[Provided records Boundary: Start]

(* Let $f_1$ admit a Taylor expansion $f_1(t)=\sum_{m\ge0}b_mt^m$ on $[-1,1]$ with coefficients satisfying $c_2r^m\le b_m\le c_1r^m$ for all $m\ge0$, for some constants $0<r<1$ and $0<c_2\le c_1$. Then for every integer $\alpha\ge1$ there exist constants $C_{1,\alpha},C_{2,\alpha}>0$ (depending only on $\alpha$, $d$, and the constants $r,c_1,c_2$) such that for all $m\ge0$ $$C_{2,\alpha}\Big(\frac r4\Big)^m\le\lambda_{m,\alpha}\le C_{1,\alpha}(m+1)^{\alpha-1}r^m.$$
   Context: $d\ge2$; $|S^{d-2}|$ is the surface area of the unit sphere $S^{d-2}$. For integers $k,\alpha\ge0$, $b_{j,\alpha}$ denotes the coefficient of $t^j$ in the power series of $f_1^\alpha$, and $$\lambda_{k,\alpha}=\frac{|S^{d-2}|\Gamma((d-1)/2)}{2^{k+1}}\sum_{s\ge0}b_{2s+k,\alpha}\frac{(2s+k)!}{(2s)!}\frac{\Gamma(s+1/2)}{\Gamma(s+k+d/2)}$$ (this is the eigenvalue of the integral operator of the dot-product kernel $(x,x')\mapsto f_1^\alpha(\langle x,x'\rangle)$ on $L_2(S^{d-1},\sigma_{d-1})$ on spherical harmonics of degree $k$). *)

theory Defs
  imports "HOL-Analysis.Analysis" "HOL-Computational_Algebra.Formal_Power_Series"
begin

text \<open>Surface area of the unit sphere S^n in R^(n+1): 2 pi^((n+1)/2) / Gamma((n+1)/2).
  For n = 0 this is 2 (counting measure on S^0 = {-1,1}).\<close>
definition sphere_area :: "nat \<Rightarrow> real" where
  "sphere_area n = 2 * pi powr ((real n + 1) / 2) / Gamma ((real n + 1) / 2)"

definition pow_coeff :: "(nat \<Rightarrow> real) \<Rightarrow> nat \<Rightarrow> nat \<Rightarrow> real" where
  "pow_coeff b j \<alpha> = fps_nth ((Abs_fps b) ^ \<alpha>) j"

text \<open>lambda_{k,alpha} for the dot-product kernel f_1^alpha on S^(d-1).\<close>
definition eig :: "nat \<Rightarrow> (nat \<Rightarrow> real) \<Rightarrow> nat \<Rightarrow> nat \<Rightarrow> real" where
  "eig d b k \<alpha> =
     sphere_area (d - 2) * Gamma ((real d - 1) / 2) / 2 ^ (k + 1) *
     (\<Sum>s. pow_coeff b (2 * s + k) \<alpha> * (fact (2 * s + k) / fact (2 * s)) *
           (Gamma (real s + 1 / 2) / Gamma (real s + real k + real d / 2)))"

end

theory Submission imports Defs begin

text \<open>Writing lambda_{k,alpha} as a series sum_s b_{2s+k,alpha} w_k(s) with explicit Gamma weights,
  everything reduces to two-sided bounds on the weights and on the coefficients of f_1^alpha.
  Convolution gives c_2^alpha r^j <= b_{j,alpha} <= c_1^alpha r^j (j+1)^(alpha-1). Via
  Gamma(z+n) = (z)_n Gamma(z) each weight is a product of two Pochhammer ratios and is at most
  2^k Gamma(1/2)/Gamma(d/2); so the series is dominated by (k+1)^(alpha-1) r^k times the convergent
  sum_s (s+1)^(alpha-1) r^(2s), which with the prefactor 2^-(k+1) gives the upper bound. For the
  lower bound the term s = 0 suffices: its weight k! Gamma(1/2)/Gamma(k+d/2) is at least a constant
  times 2^-k because (d/2)_k <= 2^(d-1+k) k!, and with the prefactor this yields (r/4)^k.\<close>

lemma fps_power_Suc_nth:
  "fps_nth (Abs_fps b ^ Suc n) j = (\<Sum>i=0..j. b i * fps_nth (Abs_fps b ^ n) (j - i))"
  by (simp only: power_Suc fps_mult_nth) simp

[Provided records Boundary: End]

▶ Directions for this task:
Please show every line of the records that holds the word "times".

▶ Solution below:
  2^k Gamma(1/2)/Gamma(d/2); so the series is dominated by (k+1)^(alpha-1) r^k times the convergent
  times 2^-k because (d/2)_k <= 2^(d-1+k) k!, and with the prefactor this yields (r/4)^k.\<close>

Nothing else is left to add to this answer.